Matt Bartolini Talks Inflation-Resilient Portfolios & More
Companies Mentioned
Why It Matters
Persistent core inflation and AI‑related cost pressures force advisors to rethink the classic 60/40 mix, making inflation‑linked assets and diversified real‑return strategies essential for protecting client wealth.
Key Takeaways
- •Supercore CPI stays above 3%, signaling persistent core inflation
- •AI-driven capex adds short‑term inflation pressure via supply‑chain demand
- •TIPX (1‑10 yr TIPS ETF) outperforms broader TIPS in rising rate environment
- •Inflation‑linked assets comprise only ~2.3% of fixed‑income portfolios
- •Traditional 60/40 mix loses resilience; non‑U.S. equities gain relevance
Pulse Analysis
The latest CPI and PPI releases underscore a shift from a transient price spike to a more entrenched inflation environment. While headline numbers are still swayed by volatile energy prices, the Supercore CPI—excluding housing and energy—has consistently hovered above the 3% mark, indicating that core price pressures are persisting. Adding to the mix, AI‑driven capital expenditures are creating a short‑term inflation impulse as manufacturers scramble for chips and memory, a trend reflected in the highest PPI component price increases since 2022. These dynamics suggest that inflation is no longer a temporary blip but a structural factor that will shape asset allocation decisions for the foreseeable future.
For portfolio construction, Bartolini points to inflation‑protected bond ETFs as a pragmatic hedge, but with a caveat: longer‑duration TIPS can suffer when rising rates erode bond prices. The State Street TIPX fund, which caps duration at ten years, has already outperformed broader TIPS indices, offering a more balanced exposure to the inflation premium while limiting duration risk. Yet, inflation‑linked securities remain under‑represented—just 2.3% of fixed‑income assets—highlighting a significant opportunity gap. Advisors are therefore encouraged to blend TIPX with other real‑return assets, such as commodities and gold, to achieve a more resilient risk‑return profile.

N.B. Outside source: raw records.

(* Let $1\le p<\infty$, $\alpha>0$, $m>0$. The Hardy operator $Hf(z)=\frac1z\int_0^zf(w)\,dw$ is not supercyclic on $\mathcal{F}^p_{(\alpha,m)}$.
   Context: For $\alpha>0$, $m>0$ and $1\le p<\infty$, $\mathcal{F}^p_{(\alpha,m)}$ denotes the Banach space of entire functions $f$ on $\mathbb{C}$ with $\|f\|_{(p,\alpha,m)}^p=\int_{\mathbb{C}}|f(z)|^pe^{-p\alpha|z|^m}\,dA(z)<\infty$, where $dA$ is Lebesgue area measure. $Hf(0)$ is understood as $f(0)$. An operator $T$ on a Banach space $X$ is supercyclic if there is $x\in X$ with $\{\lambda T^nx:n\ge0,\lambda\in\mathbb{C}\}$ dense in $X$. *)

theory Defs
  imports "HOL-Complex_Analysis.Complex_Analysis"
begin

definition fock_space :: "real \<Rightarrow> real \<Rightarrow> real \<Rightarrow> (complex \<Rightarrow> complex) set" where
  "fock_space p \<alpha> m =
     {f. f holomorphic_on UNIV \<and>
         integrable lborel (\<lambda>z. norm (f z) powr p * exp (- p * \<alpha> * norm z powr m))}"

definition fock_norm :: "real \<Rightarrow> real \<Rightarrow> real \<Rightarrow> (complex \<Rightarrow> complex) \<Rightarrow> real" where
  "fock_norm p \<alpha> m f =
     (integral\<^sup>L lborel (\<lambda>z. norm (f z) powr p * exp (- p * \<alpha> * norm z powr m))) powr (1 / p)"

definition hardy :: "(complex \<Rightarrow> complex) \<Rightarrow> complex \<Rightarrow> complex" where
  "hardy f z = (if z = 0 then f 0 else contour_integral (linepath 0 z) f / z)"

definition supercyclic_on ::
  "(complex \<Rightarrow> complex) set \<Rightarrow> ((complex \<Rightarrow> complex) \<Rightarrow> real)
     \<Rightarrow> ((complex \<Rightarrow> complex) \<Rightarrow> (complex \<Rightarrow> complex)) \<Rightarrow> bool" where
  "supercyclic_on X N T \<longleftrightarrow>
     (\<exists>x\<in>X. (\<forall>n. (T ^^ n) x \<in> X) \<and>
        (\<forall>g\<in>X. \<forall>\<epsilon>>0. \<exists>n c. N (\<lambda>z. c * (T ^^ n) x z - g z) < \<epsilon>))"

end

theory Submission
  imports Defs "HOL-Probability.Sinc_Integral" "HOL-Real_Asymp.Real_Asymp"
begin
(* Let $\mathcal{A}$ and $\mathcal{U}$ be Banach algebras, $\theta$ a nonzero character on $\mathcal{A}$, $\mathcal{X}$ a simple Banach $(\mathcal{A}\times_{\theta}\mathcal{U})$-bimodule, and $D:\mathcal{A}\times_{\theta}\mathcal{U}\to\mathcal{X}$ a derivation. Then $D$ is continuous if either of the following holds: (i) $\mathrm{ann}_{\mathcal{X}}\mathcal{U}\neq\mathcal{X}$ and $Z_{\mathcal{X}}(\mathcal{A})\neq\mathcal{X}$; (ii) $\mathrm{ann}_{\mathcal{X}}\mathcal{U}=\{0\}$ and $Z_{\mathcal{X}}(\mathcal{A})\neq\mathcal{X}$.
   Context: The Lau product $\mathcal{A}\times_{\theta}\mathcal{U}$ is $\mathcal{A}\times\mathcal{U}$ with norm $\|(a,u)\|=\|a\|+\|u\|$ and product $(a,u)(a',u')=(aa',\theta(a)u'+\theta(a')u+uu')$. $\mathcal{X}$ is an $\mathcal{A}$-bimodule via $ax=(a,0)x$, $xa=x(a,0)$ and a $\mathcal{U}$-bimodule via $ux=(0,u)x$, $xu=x(0,u)$. Simple means the only closed $(\mathcal{A}\times_{\theta}\mathcal{U})$-subbimodules of $\mathcal{X}$ are $\{0\}$ and $\mathcal{X}$. $\mathrm{ann}_{\mathcal{X}}\mathcal{U}=\{x: ux=xu=0\ \forall u\in\mathcal{U}\}$; $Z_{\mathcal{X}}(\mathcal{A})=\{x: ax=xa\ \forall a\in\mathcal{A}\}$. *)

theory Defs
  imports "HOL-Analysis.Analysis"
begin

text \<open>HOL has no complex vector spaces, so we add a complex scalar multiplication
  extending the real one.\<close>

class complex_normed_space = real_normed_vector +
  fixes scaleC :: "complex \<Rightarrow> 'a \<Rightarrow> 'a" (infixr "*\<^sub>C" 75)
  assumes scaleC_add_right: "c *\<^sub>C (x + y) = c *\<^sub>C x + c *\<^sub>C y"
    and scaleC_add_left: "(c + d) *\<^sub>C x = c *\<^sub>C x + d *\<^sub>C x"
    and scaleC_scaleC: "c *\<^sub>C (d *\<^sub>C x) = (c * d) *\<^sub>C x"
    and scaleC_one: "1 *\<^sub>C x = x"
    and scaleC_of_real: "complex_of_real r *\<^sub>C x = r *\<^sub>R x"
    and norm_scaleC: "norm (c *\<^sub>C x) = cmod c * norm x"

class complex_banach = complex_normed_space + banach

class complex_banach_algebra = complex_banach + real_normed_algebra +
  assumes scaleC_mult_left: "(c *\<^sub>C x) * y = c *\<^sub>C (x * y)"
    and scaleC_mult_right: "x * (c *\<^sub>C y) = c *\<^sub>C (x * y)"

definition character :: "('a::complex_banach_algebra \<Rightarrow> complex) \<Rightarrow> bool" where
  "character \<theta> \<longleftrightarrow>
     (\<forall>a b. \<theta> (a + b) = \<theta> a + \<theta> b) \<and>
     (\<forall>c a. \<theta> (c *\<^sub>C a) = c * \<theta> a) \<and>
     (\<forall>a b. \<theta> (a * b) = \<theta> a * \<theta> b)"

definition lau_mult ::
  "('a::complex_banach_algebra \<Rightarrow> complex) \<Rightarrow> 'a \<times> 'u::complex_banach_algebra \<Rightarrow> 'a \<times> 'u \<Rightarrow> 'a \<times> 'u" where
  "lau_mult \<theta> p q = (fst p * fst q,
      \<theta> (fst p) *\<^sub>C snd q + \<theta> (fst q) *\<^sub>C snd p + snd p * snd q)"

definition lau_norm :: "'a::real_normed_vector \<times> 'u::real_normed_vector \<Rightarrow> real" where
  "lau_norm p = norm (fst p) + norm (snd p)"

definition lau_scale :: "complex \<Rightarrow> 'a::complex_normed_space \<times> 'u::complex_normed_space \<Rightarrow> 'a \<times> 'u" where
  "lau_scale c p = (c *\<^sub>C fst p, c *\<^sub>C snd p)"

text \<open>\<open>L p x\<close> is the left action \<open>p\<cdot>x\<close>, \<open>R x p\<close> the right action \<open>x\<cdot>p\<close>.\<close>
definition lau_banach_bimodule ::
  "('a::complex_banach_algebra \<Rightarrow> complex) \<Rightarrow> ('a \<times> 'u::complex_banach_algebra \<Rightarrow> 'x::complex_banach \<Rightarrow> 'x)
   \<Rightarrow> ('x \<Rightarrow> 'a \<times> 'u \<Rightarrow> 'x) \<Rightarrow> bool" where
  "lau_banach_bimodule \<theta> L R \<longleftrightarrow>
     (\<forall>p q x. L (p + q) x = L p x + L q x) \<and>
     (\<forall>p x y. L p (x + y) = L p x + L p y) \<and>
     (\<forall>c p x. L (lau_scale c p) x = c *\<^sub>C L p x) \<and>
     (\<forall>c p x. L p (c *\<^sub>C x) = c *\<^sub>C L p x) \<and>
     (\<forall>p q x. R x (p + q) = R x p + R x q) \<and>
     (\<forall>p x y. R (x + y) p = R x p + R y p) \<and>
     (\<forall>c p x. R x (lau_scale c p) = c *\<^sub>C R x p) \<and>
     (\<forall>c p x. R (c *\<^sub>C x) p = c *\<^sub>C R x p) \<and>
     (\<forall>p q x. L (lau_mult \<theta> p q) x = L p (L q x)) \<and>
     (\<forall>p q x. R x (lau_mult \<theta> p q) = R (R x p) q) \<and>
     (\<forall>p q x. R (L p x) q = L p (R x q)) \<and>
     (\<exists>K. \<forall>p x. norm (L p x) \<le> K * lau_norm p * norm x \<and>
                norm (R x p) \<le> K * lau_norm p * norm x)"

definition closed_subbimodule ::
  "('a \<times> 'u \<Rightarrow> 'x::complex_banach \<Rightarrow> 'x) \<Rightarrow> ('x \<Rightarrow> 'a \<times> 'u \<Rightarrow> 'x) \<Rightarrow> 'x set \<Rightarrow> bool" where
  "closed_subbimodule L R M \<longleftrightarrow> closed M \<and> 0 \<in> M \<and>
     (\<forall>x\<in>M. \<forall>y\<in>M. x + y \<in> M) \<and> (\<forall>c. \<forall>x\<in>M. c *\<^sub>C x \<in> M) \<and>
     (\<forall>p. \<forall>x\<in>M. L p x \<in> M \<and> R x p \<in> M)"

definition simple_bimodule ::
  "('a \<times> 'u \<Rightarrow> 'x::complex_banach \<Rightarrow> 'x) \<Rightarrow> ('x \<Rightarrow> 'a \<times> 'u \<Rightarrow> 'x) \<Rightarrow> bool" where
  "simple_bimodule L R \<longleftrightarrow>
     (\<forall>M. closed_subbimodule L R M \<longrightarrow> M = {0} \<or> M = UNIV)"

text \<open>\<open>ann\<^sub>X U\<close>, with \<open>u x = (0,u) x\<close>, \<open>x u = x (0,u)\<close>.\<close>
definition ann_U :: "('a::zero \<times> 'u \<Rightarrow> 'x::zero \<Rightarrow> 'x) \<Rightarrow> ('x \<Rightarrow> 'a \<times> 'u \<Rightarrow> 'x) \<Rightarrow> 'x set" where
  "ann_U L R = {x. \<forall>u. L (0, u) x = 0 \<and> R x (0, u) = 0}"

text \<open>\<open>Z\<^sub>X(A)\<close>, with \<open>a x = (a,0) x\<close>, \<open>x a = x (a,0)\<close>.\<close>
definition center_A :: "('a \<times> 'u::zero \<Rightarrow> 'x \<Rightarrow> 'x) \<Rightarrow> ('x \<Rightarrow> 'a \<times> 'u \<Rightarrow> 'x) \<Rightarrow> 'x set" where
  "center_A L R = {x. \<forall>a. L (a, 0) x = R x (a, 0)}"

definition lau_derivation ::
  "('a::complex_banach_algebra \<Rightarrow> complex) \<Rightarrow> ('a \<times> 'u::complex_banach_algebra \<Rightarrow> 'x::complex_banach \<Rightarrow> 'x)
   \<Rightarrow> ('x \<Rightarrow> 'a \<times> 'u \<Rightarrow> 'x) \<Rightarrow> ('a \<times> 'u \<Rightarrow> 'x) \<Rightarrow> bool" where
  "lau_derivation \<theta> L R D \<longleftrightarrow>
     (\<forall>p q. D (p + q) = D p + D q) \<and>
     (\<forall>c p. D (lau_scale c p) = c *\<^sub>C D p) \<and>
     (\<forall>p q. D (lau_mult \<theta> p q) = R (D p) q + L p (D q))"

end

theory Submission
  imports Defs
begin

(* Write A_0 = ker theta.  The annihilator of U and the set N (sandwich_ann) of x with
   U (x A_0) = 0 = (A_0 x) U are closed sub-bimodules, so by simplicity each is {0} or X, and
   ann_X U = {0} because it is not X.  Since (0,u) p (a,0) = 0 = (a,0) p (0,u) for a in A_0, the
   Leibniz rule writes u (D(p) a) and (a D(p)) u as bounded linear functions of p; hence the
   separating space of D lies in N.  If N = {0}, D has closed graph and is continuous by the
   closed graph theorem.  If N = X, simplicity applied to the left and right annihilators of U
   shows that A_0 acts trivially on both sides.  Then E = (e,0) with theta e = 1 acts on each
   side as 0 or as the identity, and Z_X(A) <> X rules out equal actions; so one side of the
   action vanishes and D q equals q D(E) or D(E) q, which is bounded in q. *)

declare scaleC_one [simp]

lemma scaleC_zero_right [simp]: "c *\<^sub>C (0::'a::complex_normed_space) = 0"
  by (metis add_cancel_right_right scaleC_add_right)

lemma scaleC_zero_left [simp]: "(0::complex) *\<^sub>C (x::'a::complex_normed_space) = 0"
  by (metis scaleC_of_real of_real_0 scaleR_zero_left)

section \<open>The closed graph theorem\<close>

lemma sublevel_closure_has_interior:
  fixes T :: "'v::banach \<Rightarrow> 'w::real_normed_vector"
  shows "\<exists>n::nat. interior (closure {x. norm (T x) \<le> n}) \<noteq> {}"
proof (rule ccontr)
  define F where "F n = closure {x. norm (T x) \<le> real n}" for n
  assume "\<not> ?thesis"
  then have "euclidean interior_of \<Union>(range F) = {}"
    by (intro Baire_category_alt) (auto simp: F_def completely_metrizable_space_euclidean)
  moreover have "x \<in> F (nat \<lceil>norm (T x)\<rceil>)" for x
    unfolding F_def by (rule closure_subset[THEN subsetD]) (simp add: real_nat_ceiling_ge)
  then have "\<Union>(range F) = UNIV" by blast
  ultimately show False by simp
qed

lemma linear_sublevel_ball_approx:
  fixes T :: "'v::real_normed_vector \<Rightarrow> 'w::real_normed_vector"
  assumes "linear T" and ball: "ball x0 r \<subseteq> closure {x. norm (T x) \<le> c}"
    and "norm h < r" and "e > 0"
  shows "\<exists>y. norm (T y) \<le> 2 * c \<and> norm (h - y) < e"
proof -
  have "0 < r" using \<open>norm h < r\<close> by (metis norm_ge_zero le_less_trans)
  then have "x0 + h \<in> ball x0 r" "x0 \<in> ball x0 r"
    using \<open>norm h < r\<close> by (simp_all add: dist_norm)
  then have "x0 + h \<in> closure {x. norm (T x) \<le> c}" "x0 \<in> closure {x. norm (T x) \<le> c}"
    using ball by blast+
  moreover have "e/2 > 0" using \<open>e > 0\<close> by simp
  ultimately obtain a b where "norm (T a) \<le> c" "dist a (x0 + h) < e/2" "norm (T b) \<le> c" "dist b x0 < e/2"
    unfolding closure_approachable by blast
  have bound: "norm (T (a - b)) \<le> 2 * c"
    using \<open>norm (T a) \<le> c\<close> \<open>norm (T b) \<le> c\<close> norm_triangle_ineq4[of "T a" "T b"]
    by (simp add: linear_diff[OF \<open>linear T\<close>])
  have "norm (h - (a - b)) = norm ((x0 + h - a) - (x0 - b))"
    by (simp add: algebra_simps)
  also have "\<dots> \<le> dist (x0 + h) a + dist x0 b"
    unfolding dist_norm by (rule norm_triangle_ineq4)
  finally have "norm (h - (a - b)) < e"
    using \<open>dist a (x0 + h) < e/2\<close> \<open>dist b x0 < e/2\<close> by (simp add: dist_commute)
  with bound show ?thesis by blast
qed

lemma linear_approx_preimage:
  fixes T :: "'v::banach \<Rightarrow> 'w::real_normed_vector"
  assumes "linear T"
  obtains M where "M > 0" "\<And>h. \<exists>y. norm (T y) \<le> M * norm h \<and> norm (h - y) \<le> norm h / 2"
proof -
  obtain n :: nat and x0 r where "r > 0" and ball: "ball x0 r \<subseteq> closure {x. norm (T x) \<le> n}"
    using sublevel_closure_has_interior[of T] by (meson all_not_in_conv interior_subset mem_interior)
  define M where "M = 4 * real n / r + 1"
  have "M > 0" using \<open>r > 0\<close> by (simp add: M_def add_nonneg_pos)
  moreover have "\<exists>y. norm (T y) \<le> M * norm h \<and> norm (h - y) \<le> norm h / 2" for h
  proof (cases "h = 0")
    case True
    then show ?thesis by (intro exI[of _ 0]) (simp add: linear_0[OF \<open>linear T\<close>])
  next
    case False
    define s where "s = r / (2 * norm h)"
    have "s > 0" and "norm (s *\<^sub>R h) < r" and "s * (norm h / 2) > 0"
      using \<open>r > 0\<close> False by (simp_all add: s_def)
    then obtain y' where y': "norm (T y') \<le> 2 * real n" "norm (s *\<^sub>R h - y') < s * (norm h / 2)"
      using linear_sublevel_ball_approx[OF \<open>linear T\<close> ball] by blast
    have "norm (T ((1/s) *\<^sub>R y')) = norm (T y') / s"
      using \<open>s > 0\<close> by (simp add: linear_scale[OF \<open>linear T\<close>])
    also have "\<dots> \<le> 2 * real n / s" using y'(1) \<open>s > 0\<close> by (simp add: divide_right_mono)
    also have "\<dots> \<le> M * norm h" using \<open>r > 0\<close> False by (simp add: s_def M_def algebra_simps)
    finally have "norm (T ((1/s) *\<^sub>R y')) \<le> M * norm h" .
    moreover have "s *\<^sub>R h - y' = s *\<^sub>R (h - (1/s) *\<^sub>R y')" using \<open>s > 0\<close> by (simp add: scaleR_diff_right)
    then have "norm (h - (1/s) *\<^sub>R y') \<le> norm h / 2" using y'(2) \<open>s > 0\<close> by simp
    ultimately show ?thesis by blast
  qed
  ultimately show ?thesis using that by blast
qed
(* Assume: the vectors $\pi(t)\in\mathbb R^m$ have nonnegative entries summing to $1$ and satisfy (i) $\pi(t)^\top=\pi(t+1)^\top A(t)$ for all $t$, (ii) $|[A(s:t)]_{ij}-\pi_j(t)|\le B\lambda^{s-t}$ for all $i,j$, $s\ge t\ge0$, with $B>0$, $\lambda\in(0,1)$, and (iii) $\pi_i(t)\ge\eta$ for all $i,t$ for some $\eta>0$; there is $R\ge1$ with $\mathrm{dist}(x,\Omega)\le R\max_{i}\mathrm{dist}(x,\Omega_i)$ for all $x\in U=\mathrm{conv}(\bigcup_i\Omega_i)$; $\theta_i(0)\in\Omega_i$ for all $i$; and $\{\alpha(t)\}$ is nonincreasing. Let $\theta_i(t)$ be the DPG iterates, $\bar\theta(t)=\sum_j\pi_j(t)\theta_j(t)$, $w(t)=P_\Omega[\bar\theta(t)]$, $\beta(t)=\sum_i\|\phi_i(t)\|$, $\psi(t)=\alpha(t)\sum_{r=0}^{t-1}\lambda^{t-r-1}\beta(r)$, and define $D_1=B\sum_j\|\theta_j(0)\|$, $D_2=mBC$, $D_3=2C(1+R/\eta)$, $D_4=\eta/2$, $b=\sqrt{\eta/m}$, $a=\frac{D_3B}{(1-\lambda)b}$, $D_5=C^2+a^2/2$, $D_{13}=D_1D_3$, $D_{23}=D_2D_3$. Then for every $v\in\Omega$ and every $t\ge0$, $$\sum_{i=1}^m\pi_i(t+1)\|\theta_i(t+1)-v\|^2+ab\,\psi(t+1)\le\sum_{i=1}^m\pi_i(t)\|\theta_i(t)-v\|^2+ab\,\psi(t)-2\alpha(t)c^\top(w(t)-v)+D_5\alpha^2(t)-D_4\sum_{i=1}^m\|\phi_i(t)\|^2+D_{13}\alpha(t)\lambda^t+D_{23}\alpha(t)\sum_{r=0}^{t-1}\lambda^{t-r-1}\alpha(r).$$
   Context: Agents $\mathcal V=\{1,\dots,m\}$. $A(t)=[a_{ij}(t)]\in\mathbb R^{m\times m}$, $t\in\mathbb Z_{\ge0}$, are row-stochastic matrices with nonnegative entries; for $s\ge t$, $A(s:t)=A(s-1)\cdots A(t)$, $A(t:t)=I$. $\Omega_1,\dots,\Omega_m\subseteq\mathbb R^p$ are nonempty closed convex sets with $\Omega=\bigcap_i\Omega_i\ne\emptyset$; $c\in\mathbb R^p$, $C=\|c\|$; $\alpha(t)>0$ are stepsizes. $P_K$ denotes Euclidean projection onto a closed convex set $K$ and $\mathrm{dist}(x,K)=\inf_{z\in K}\|x-z\|$. DPG iteration: $\theta_i(t+1)=P_{\Omega_i}\big[\sum_j a_{ij}(t)\theta_j(t)-\alpha(t)c\big]$, and $\phi_i(t)=\theta_i(t+1)-\big[\sum_j a_{ij}(t)\theta_j(t)-\alpha(t)c\big]$. *)

theory Defs
  imports "HOL-Analysis.Analysis"
begin

text \<open>Matrices over a finite agent index type 'i are functions 'i => 'i => real.
  mat_prod X Y is the usual product; trans_prod A s t is A(s:t) = A(s-1) ... A(t),
  with A(t:t) = I (and, by convention, I also for s < t, which is never used).\<close>

definition mat_prod :: "('i::finite \<Rightarrow> 'i \<Rightarrow> real) \<Rightarrow> ('i \<Rightarrow> 'i \<Rightarrow> real) \<Rightarrow> 'i \<Rightarrow> 'i \<Rightarrow> real" where
  "mat_prod X Y = (\<lambda>i j. \<Sum>k\<in>UNIV. X i k * Y k j)"

definition id_mat :: "'i \<Rightarrow> 'i \<Rightarrow> real" where
  "id_mat = (\<lambda>i j. if i = j then 1 else 0)"

fun trans_prod :: "(nat \<Rightarrow> 'i::finite \<Rightarrow> 'i \<Rightarrow> real) \<Rightarrow> nat \<Rightarrow> nat \<Rightarrow> 'i \<Rightarrow> 'i \<Rightarrow> real" where
  "trans_prod A 0 t = id_mat"
| "trans_prod A (Suc s) t = (if Suc s \<le> t then id_mat else mat_prod (A s) (trans_prod A s t))"

end

theory Submission
  imports Defs
begin

text \<open>Let avg be the \<pi>(t)-average of the iterates. Since \<pi>(t)' = \<pi>(t+1)' A(t), the average
  moves only by the \<pi>(t+1)-average of the perturbations \<phi>_i(t) - \<alpha>(t) c; unrolling both
  recursions and using the geometric mixing of A(s:t) bounds the consensus error
  |\<theta>_i(t) - avg| by a geometrically discounted sum of past residuals and stepsizes.
  The projection inequality and Jensen's inequality give the usual descent of the
  \<pi>-weighted squared distances to v, with the linear term evaluated at avg; linear regularity
  of the sets moves it to w(t) at the price of |c| R times the consensus error. The residual
  part of that price is proportional to \<psi>(t) and is absorbed by the potential a b \<psi>:
  \<psi> contracts by the factor \<lambda> and grows by \<alpha>(t) \<beta>(t), and AM-GM trades this growth for
  a^2 \<alpha>(t)^2 / 2 plus half of the gain \<eta> \<Sum>|\<phi>_i(t)|^2 of the projection step.\<close>

lemma power2_norm_closest_point_diff_le:
  fixes S :: "'a::euclidean_space set"
  assumes "closed S" "convex S" "v \<in> S"
  shows "(norm (closest_point S x - v))\<^sup>2 \<le> (norm (x - v))\<^sup>2 - (norm (closest_point S x - x))\<^sup>2"
proof -
  define p where "p = closest_point S x"
  have obtuse: "inner (x - p) (v - p) \<le> 0"
    using closest_point_dot[OF assms(2,1,3)] by (simp add: p_def)
  have "(norm (x - v))\<^sup>2 = (norm (x - p))\<^sup>2 + (norm (p - v))\<^sup>2 - 2 * inner (x - p) (v - p)"
    unfolding power2_norm_eq_inner by (simp add: inner_diff inner_commute algebra_simps)
  with obtuse show ?thesis
    by (simp add: p_def norm_minus_commute)
qed

lemma power2_norm_convex_comb_le:
  fixes y :: "'k \<Rightarrow> 'a::real_normed_vector"
  assumes "finite I" "\<And>j. j \<in> I \<Longrightarrow> 0 \<le> w j" "sum w I = 1"
  shows "(norm (\<Sum>j\<in>I. w j *\<^sub>R y j))\<^sup>2 \<le> (\<Sum>j\<in>I. w j * (norm (y j))\<^sup>2)"
proof -
  have "I \<noteq> {}"
    using assms(3) by auto
  have "norm (\<Sum>j\<in>I. w j *\<^sub>R y j) \<le> (\<Sum>j\<in>I. w j * norm (y j))"
    by (rule order_trans[OF norm_sum]) (simp add: assms(2))
  then have "(norm (\<Sum>j\<in>I. w j *\<^sub>R y j))\<^sup>2 \<le> (\<Sum>j\<in>I. w j * norm (y j))\<^sup>2"
    by (simp add: power_mono)
  also have "\<dots> \<le> (\<Sum>j\<in>I. w j * (norm (y j))\<^sup>2)"
    using convex_on_sum[OF assms(1) \<open>I \<noteq> {}\<close> convex_power2, of w "\<lambda>j. norm (y j)"] assms
    by simp
  finally show ?thesis .
qed

lemma norm_sum_scaleR_le:
  fixes x :: "'k \<Rightarrow> 'a::real_normed_vector"
  assumes "\<And>k. k \<in> I \<Longrightarrow> \<bar>c k\<bar> \<le> M"
  shows "norm (\<Sum>k\<in>I. c k *\<^sub>R x k) \<le> M * (\<Sum>k\<in>I. norm (x k))"
proof -
  have "norm (\<Sum>k\<in>I. c k *\<^sub>R x k) \<le> (\<Sum>k\<in>I. \<bar>c k\<bar> * norm (x k))"
    by (rule order_trans[OF norm_sum]) simp
  also have "\<dots> \<le> (\<Sum>k\<in>I. M * norm (x k))"
    by (rule sum_mono) (simp add: assms mult_right_mono)
  finally show ?thesis
    by (simp add: sum_distrib_left)
qed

Beyond bonds, the macro backdrop is prompting a reevaluation of the classic 60/40 model. With U.S. equities facing headwinds from higher rates and inflation, non‑U.S. equities and commodity‑focused strategies are gaining traction, delivering diversification benefits and a positive correlation to rising price environments. Multi‑asset solutions like Bridgewater’s ALLW or the RLY real‑return fund combine inflation‑linked bonds, natural‑resource equities, commodities, and real estate, offering a holistic hedge against both inflation and growth volatility. As supply‑chain disruptions and geopolitical tensions persist, investors who proactively integrate these real‑asset components will be better positioned to preserve purchasing power and capture upside in an inflation‑driven market.